Building the Apprenticeship College of Health
Welch is finalizing details for ACH's start by preparing candidate orientation, creating a new faculty orientation for Professors of Practice, and meeting twice a week with the ACHIEVE team, a partnership between Reach and the Training Fund. Simultaneously, she is building stackable Bachelor of Arts and Master of Arts programs on top of the Associate of Arts to create a full healthcare career pathway. "It is so cool to pull these puzzle pieces together," she said, "and to consider certificates and specializations as add-ons." For Welch, centering the learner in every decision is paramount, with colleges, employers, and communities working towards a shared goal. True partnership keeps candidates’ experiences at the forefront, a standard integral to ACH’s design and operations.
Who ACH is Built For
What grounds her is who ACH serves: working adults pursuing careers in substance use disorder services, many of whom have personal connections to the work. "Many carry personal experience with substance use disorders," Welch said, "so this work is more than a professional pathway: it's a calling."

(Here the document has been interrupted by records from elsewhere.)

(* Consider the MPS model and its neural tangent kernel $K_D$ described in the context. For any two inputs $\mathbf{x}^{(i)},\mathbf{x}^{(j)}\in\mathbb{R}^n$, as the bond dimensions $D_1,\dots,D_n\to\infty$ sequentially, $$K_D(\mathbf{x}^{(i)},\mathbf{x}^{(j)})\xrightarrow{\text{Prob.}}\sum_{k=1}^n\phi_k(x^{(i)}_k)\cdot\phi_k(x^{(j)}_k)\prod_{l=1,\,l\neq k}^{n}\sigma_l^2\,\phi_l(x^{(i)}_l)\cdot\phi_l(x^{(j)}_l),$$ a deterministic (static) limit.
   Context: Fix $n\ge 1$, finite physical dimensions $d_1,\dots,d_n$, feature maps $\phi_i:\mathbb{R}\to\mathbb{R}^{d_i}$ with components $\phi_i^{s}$, and constants $\sigma_1,\dots,\sigma_n>0$; $\cdot$ is the Euclidean inner product. For bond dimensions $D_1,\dots,D_n$ put $D_{n+1}=D_1$. The MPS parameters are tensors $A^{(i)}_{s;a,b}$, $s\le d_i$, $a\le D_i$, $b\le D_{i+1}$, initialized with all entries independent, $A^{(i)}_{s;a,b}\sim\mathcal{N}(0,\sigma_i^2/\sqrt{D_iD_{i+1}})$. The MPS output is $\Psi(\mathbf{x})=\sum_{s_1,\dots,s_n}\sum_{a_1,\dots,a_n}A^{(1)}_{s_1;a_1a_2}\cdots A^{(n)}_{s_n;a_na_1}\prod_{i=1}^n\phi_i^{s_i}(x_i)$ for $\mathbf{x}=(x_1,\dots,x_n)$. With learning rates $\eta_k=(D_kD_{k+1})^{-1/2}$, the neural tangent kernel (NTK) of the MPS is $$K_D(\mathbf{x},\mathbf{x}')=\sum_{k=1}^n\eta_k\sum_{s\le d_k}\sum_{a\le D_k}\sum_{b\le D_{k+1}}\frac{\partial\Psi(\mathbf{x})}{\partial A^{(k)}_{s;a,b}}\,\frac{\partial\Psi(\mathbf{x}')}{\partial A^{(k)}_{s;a,b}},$$ evaluated at the random initialization. "Sequentially" means iterated limits, the bond dimensions being sent to infinity one after another. *)

theory Defs
  imports "HOL-Probability.Probability"
begin

text \<open>Sites are indexed 0..n-1 (site i corresponds to the paper's site i+1).
  Bond dimensions D :: nat => nat, D i for i < n; the cyclic convention
  D_{n+1} = D_1 is realised by the successor index mps_nxt.\<close>

definition mps_nxt :: "nat \<Rightarrow> nat \<Rightarrow> nat" where
  "mps_nxt n i = Suc i mod n"

text \<open>Parameters: A (i, s, a, b) = A^{(i)}_{s;a,b}. Feature maps: phi i t s = phi_i^s(t).\<close>

definition mps :: "nat \<Rightarrow> (nat \<Rightarrow> nat) \<Rightarrow> (nat \<Rightarrow> real \<Rightarrow> nat \<Rightarrow> real) \<Rightarrow> (nat \<Rightarrow> nat)
    \<Rightarrow> (nat \<times> nat \<times> nat \<times> nat \<Rightarrow> real) \<Rightarrow> (nat \<Rightarrow> real) \<Rightarrow> real" where
  "mps n d phi D A x =
     (\<Sum>s\<in>PiE {..<n} (\<lambda>i. {..<d i}). \<Sum>a\<in>PiE {..<n} (\<lambda>i. {..<D i}).
        \<Prod>i<n. A (i, s i, a i, a (mps_nxt n i)) * phi i (x i) (s i))"

definition mps_pd :: "nat \<Rightarrow> (nat \<Rightarrow> nat) \<Rightarrow> (nat \<Rightarrow> real \<Rightarrow> nat \<Rightarrow> real) \<Rightarrow> (nat \<Rightarrow> nat)
    \<Rightarrow> (nat \<times> nat \<times> nat \<times> nat \<Rightarrow> real) \<Rightarrow> nat \<times> nat \<times> nat \<times> nat \<Rightarrow> (nat \<Rightarrow> real) \<Rightarrow> real" where
  "mps_pd n d phi D A idx x = deriv (\<lambda>t. mps n d phi D (A(idx := t)) x) (A idx)"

That framing matters. The people walking into ACH aren't just looking for a credential — they're looking for a program that takes them seriously. Building something that does that for candidates who have often been underserved by traditional higher education seems to be a common theme throughout her career. She's also clear that none of this happens alone. ACH was built through genuine cross-functional collaboration among Reach, the Training Fund, employer partners, and the communities from which these candidates come. For Welch, growing and succeeding together isn’t just a value, but the operating model—a way of life.
Turning Jobs into Healthcare Degrees, One Candidate at a Time
For Welch, success isn’t about metrics but about the ripple effect: candidates earn healthcare apprenticeship degrees, step into professional roles, and bring something real to the communities that need it most. "That’s what getting it right looks like."Welch is already planning for ACH’s sustainability and growth beyond launch. In five years, she hopes candidates will say their degree was just the beginning—that they're debt-free, doing meaningful work, strengthening communities, and, like her, were truly seen. Long-term vision while managing a live launch is what owning the work and outcome looks like. "This position keeps me smiling and busy," Metoka says with a grin.